It would be good to read the configs and the experience of a user of tmux and fvwm2. I have fvwm2 as my desktop manager but it is proving difficult to use. ATM, tmux appears capable of achieving most of the tasks I would want fvwm2 to do - opening terminals, launching apps/clients, etc.

I would rather want to use one tmux instance to run multiple terminals at different fvwm2 decks/pages. Yet, I would want to use the same keybindings for both of them. I have learnt and forgotten so many keybindings as I used (preferably jumped from) yakuake, terminator, emacs to fvwm2+tmux


----------



## Deleted member 48958 (Jul 18, 2018)

Lamia said:


> It would be good to read the configs and the experience of a user of tmux and fvwm2. I have fvwm2 as my desktop manager but it is proving difficult to use. ATM, tmux appears capable of achieving most of the tasks I would want fvwm2 to do - opening terminals, launching apps/clients, etc.
> 
> I would rather want to use one tmux instance to run multiple terminals at different fvwm2 decks/pages. Yet, I would want to use the same keybindings for both of them. I have learnt and forgotten so many keybindings as I used (preferably jumped from) yakuake, terminator, emacs to fvwm2+tmux



FVWM doesn't related anyhow to tmux and tmux doesn't related anyhow to FVWM,
it is two completely different applications, tmux is a BSD licensed terminal multiplexer,
and FVWM is a GPL licensed window manager, there is no connection between them.

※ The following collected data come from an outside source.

(* Let $f\in\mathbb{K}[[\underline{x}]][y]$ be a monic polynomial of degree $n$ which is prepared. Then $F(X_1,\dots,X_e,y)=f(X_1,X_2X_1,\dots,X_eX_1,y)\in\mathbb{K}[[\underline{X}]][y]$ is a quasi-ordinary polynomial.
   Context: $\mathbb{K}$ is an algebraically closed field of characteristic $0$, $\underline{x}=(x_1,\dots,x_e)$, $\underline{X}=(X_1,\dots,X_e)$. Write the $y$-discriminant of $f$ as $\Delta(\underline{x})=\sum_{d\ge0}u_d(\underline{x})$ with $u_d$ homogeneous of degree $d$, and let $a=\min\{d: u_d\neq0\}$. $f$ is called prepared if the coefficient $c_a$ of $x_1^a$ in $u_a$ is nonzero. A monic polynomial in $\mathbb{K}[[\underline{X}]][y]$ is quasi-ordinary if its $y$-discriminant is of the form $\underline{X}^{\alpha}\varepsilon(\underline{X})$ with $\alpha\in\mathbb{N}^e$ and $\varepsilon$ a unit of $\mathbb{K}[[\underline{X}]]$. *)

theory Defs
  imports "HOL-Library.Poly_Mapping" "Subresultants.Resultant_Prelim"
begin

(* Multivariate formal power series over a commutative ring: coefficient functions on
   monomials x^m, m :: nat =>0 nat (finitely supported exponent vectors, variables indexed by nat).
   K[[x_1,...,x_e]] is the subring of series whose monomials only involve variables 1..e. *)

typedef 'a mps = "UNIV :: ((nat \<Rightarrow>\<^sub>0 nat) \<Rightarrow> 'a) set" morphisms coeff_mps Abs_mps ..
setup_lifting type_definition_mps

definition dv :: "(nat \<Rightarrow>\<^sub>0 nat) \<Rightarrow> (nat \<Rightarrow>\<^sub>0 nat) set" where
  "dv m = {p. \<exists>q. p + q = m}"

lemma finite_dv: "finite (dv m)"
proof -
  let ?B = "\<Union>i\<in>Poly_Mapping.keys m. {0..Poly_Mapping.lookup m i}"
  have fin: "finite {f. \<forall>x. (x \<in> Poly_Mapping.keys m \<longrightarrow> f x \<in> ?B) \<and> (x \<notin> Poly_Mapping.keys m \<longrightarrow> f x = 0)}"
    by (rule finite_set_of_finite_funs) auto
  have "Poly_Mapping.lookup ` dv m \<subseteq> {f. \<forall>x. (x \<in> Poly_Mapping.keys m \<longrightarrow> f x \<in> ?B) \<and> (x \<notin> Poly_Mapping.keys m \<longrightarrow> f x = 0)}"
  proof
    fix f assume "f \<in> Poly_Mapping.lookup ` dv m"
    then obtain p q where f: "f = Poly_Mapping.lookup p" and pq: "p + q = m" by (auto simp: dv_def)
    have le: "f x \<le> Poly_Mapping.lookup m x" for x using pq f by (auto simp: lookup_add)
    show "f \<in> {f. \<forall>x. (x \<in> Poly_Mapping.keys m \<longrightarrow> f x \<in> ?B) \<and> (x \<notin> Poly_Mapping.keys m \<longrightarrow> f x = 0)}"
      proof (intro CollectI allI conjI impI)
      fix x assume "x \<in> Poly_Mapping.keys m"
      then show "f x \<in> ?B" using le[of x] by (intro UN_I[of x]) auto
    next
      fix x assume "x \<notin> Poly_Mapping.keys m"
      then show "f x = 0" using le[of x] by (simp add: in_keys_iff)
    qed
  qed
  then have "finite (Poly_Mapping.lookup ` dv m)" using fin finite_subset by blast
  then show ?thesis by (rule finite_imageD) (simp add: inj_on_def poly_mapping_eqI)
qed

lemma dv_trans: "k \<in> dv m \<Longrightarrow> l \<in> dv k \<Longrightarrow> l \<in> dv m"
  by (auto simp: dv_def add.assoc)

lemma dv_right: "k = l + q \<Longrightarrow> q \<in> dv k"
  by (auto simp: dv_def add.commute)
lemma dv_left: "k = l + q \<Longrightarrow> l \<in> dv k"
  by (auto simp: dv_def)
lemma dv_self: "m \<in> dv m" by (auto simp: dv_def intro: exI[of _ 0])

definition R :: "(nat \<Rightarrow>\<^sub>0 nat) \<Rightarrow> ((nat \<Rightarrow>\<^sub>0 nat) \<Rightarrow> 'a::zero) \<Rightarrow> (nat \<Rightarrow>\<^sub>0 nat) \<Rightarrow> 'a" where
  "R m f k = (if k \<in> dv m then f k else 0)"

lemma finite_R: "finite {k. R m f k \<noteq> 0}"
  by (rule finite_subset[OF _ finite_dv[of m]]) (auto simp: R_def split: if_splits)

lemma prod_fun_R:
  fixes f g :: "(nat \<Rightarrow>\<^sub>0 nat) \<Rightarrow> 'a::semiring_0"
  assumes "k \<in> dv m" shows "prod_fun f g k = prod_fun (R m f) (R m g) k"
  unfolding prod_fun_def
proof (intro arg_cong[where f=Sum_any] ext)
  fix l
  have inner: "(\<lambda>q. R m g q when k = l + q) = (\<lambda>q. g q when k = l + q)"
    using assms by (auto simp: when_def R_def fun_eq_iff intro: dv_trans dv_right)
  show "f l * (\<Sum>q. g q when k = l + q) = R m f l * (\<Sum>q. R m g q when k = l + q)"
  proof (cases "l \<in> dv k")
    case True
    then have "R m f l = f l" using assms by (simp add: R_def dv_trans)
    then show ?thesis by (simp only: inner)
  next
    case False
    then have "(\<lambda>q. g q when k = l + q) = (\<lambda>q. 0)" by (auto simp: when_def dv_def fun_eq_iff)
    then show ?thesis using inner by (simp only: Sum_any.neutral mult_zero_right)
  qed
qed

lemma prod_fun_local:
  fixes f g :: "(nat \<Rightarrow>\<^sub>0 nat) \<Rightarrow> 'a::semiring_0"
  assumes "\<And>k. k \<in> dv m \<Longrightarrow> f k = f' k" "\<And>k. k \<in> dv m \<Longrightarrow> g k = g' k"
  shows "prod_fun f g m = prod_fun f' g' m"
proof -
  have "R m f = R m f'" "R m g = R m g'" using assms by (auto simp: R_def fun_eq_iff)
  then show ?thesis using prod_fun_R[OF dv_self, of f g] prod_fun_R[OF dv_self, of f' g'] by simp
qed

lemma lookup_times_pm: "Poly_Mapping.lookup (a * b) = prod_fun (Poly_Mapping.lookup a) (Poly_Mapping.lookup b)"
  by transfer simp

lemma prod_fun_fin_assoc:
  fixes f g h :: "(nat \<Rightarrow>\<^sub>0 nat) \<Rightarrow> 'a::semiring_0"
  assumes "finite {k. f k \<noteq> 0}" "finite {k. g k \<noteq> 0}" "finite {k. h k \<noteq> 0}"
  shows "prod_fun (prod_fun f g) h = prod_fun f (prod_fun g h)"
proof -
  let ?A = "Abs_poly_mapping f" and ?B = "Abs_poly_mapping g" and ?C = "Abs_poly_mapping h"
  have "Poly_Mapping.lookup (?A * ?B * ?C) = Poly_Mapping.lookup (?A * (?B * ?C))" by (simp add: mult.assoc)
  then show ?thesis using assms by (simp add: lookup_times_pm)
qed

lemma prod_fun_fin_comm:
  fixes f g :: "(nat \<Rightarrow>\<^sub>0 nat) \<Rightarrow> 'a::comm_semiring_0"
  assumes "finite {k. f k \<noteq> 0}" "finite {k. g k \<noteq> 0}"
  shows "prod_fun f g = prod_fun g f"
proof -
  let ?A = "Abs_poly_mapping f" and ?B = "Abs_poly_mapping g"
  have "Poly_Mapping.lookup (?A * ?B) = Poly_Mapping.lookup (?B * ?A)" by (simp add: mult.commute)
  then show ?thesis using assms by (simp add: lookup_times_pm)
qed

lemma prod_fun_fin_distrib:
  fixes f g h :: "(nat \<Rightarrow>\<^sub>0 nat) \<Rightarrow> 'a::semiring_0"
  assumes "finite {k. f k \<noteq> 0}" "finite {k. g k \<noteq> 0}" "finite {k. h k \<noteq> 0}"
  shows "prod_fun (\<lambda>k. f k + g k) h = (\<lambda>k. prod_fun f h k + prod_fun g h k)"
proof -
  let ?A = "Abs_poly_mapping f" and ?B = "Abs_poly_mapping g" and ?C = "Abs_poly_mapping h"
  have "Poly_Mapping.lookup ((?A + ?B) * ?C) = Poly_Mapping.lookup (?A * ?C + ?B * ?C)" by (simp add: distrib_right)
  moreover have "Poly_Mapping.lookup (?A + ?B) = (\<lambda>k. f k + g k)"
    using assms by (simp add: lookup_add fun_eq_iff)
  ultimately show ?thesis using assms by (simp add: lookup_times_pm lookup_add fun_eq_iff)
qed

lemma prod_fun_one_left:
  fixes f :: "(nat \<Rightarrow>\<^sub>0 nat) \<Rightarrow> 'a::semiring_1"
  shows "prod_fun (\<lambda>k. 1 when k = 0) f = f"
  by (simp add: prod_fun_def [abs_def] when_mult)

But if you really want to use these applications, start with FVWM and tmux manual pages,
launch it with `% man fvwm` and `% man tmux`, these manual pages are pretty complete,
so it includes a lot of useful information.


----------



## Lamia (Jul 19, 2018)

ILUXA said:


> FVWM doesn't related anyhow to tmux and tmux doesn't related anyhow to FVWM,
> it is two completely different applications, tmux is a BSD licensed terminal multiplexer,
> and FVWM is a GPL licensed window manager, there is no connection between them.


Thanks ILUXA, I got a better picture of TMUX awhile ago before reading this reply. There are however some interesting extensions in TMUX to check out - scct, tmux-cpu-mem-load and wemux.


----------



## Lamia (Jul 19, 2018)

I am liking this tool. It will reduce the number of decks/panels/pages needed.  But at the moment, as I build & install it with postmaster, it is adding perl 5.24 to the existing Perls(5.26 & site_*).

I am wanting to rebuild it with the default version set to 5.26 set in make.conf. Any warnings from the community?


----------



## rufwoof (Jul 19, 2018)

Basic tmux Tutorial, Part 2 - Shared Sessions


----------



## Lamia (Jul 19, 2018)

Lamia said:


> I am liking this tool. It will reduce the number of decks/panels/pages needed.  But at the moment, as I build & install it with postmaster, it is adding perl 5.24 to the existing Perls(5.26 & site_*).
> 
> I am wanting to rebuild it with the default version set to 5.26 set in make.conf. Any warnings from the community?


I might have found an answer to this enquiry. It must be one of the tmux extensions requiring the old Perl.


----------



## Lamia (Aug 7, 2018)

I am wondering of it is possible to autostart tmux on boot as a service. I have tried it.
This is an excerpt of my rc.d/customtmux script.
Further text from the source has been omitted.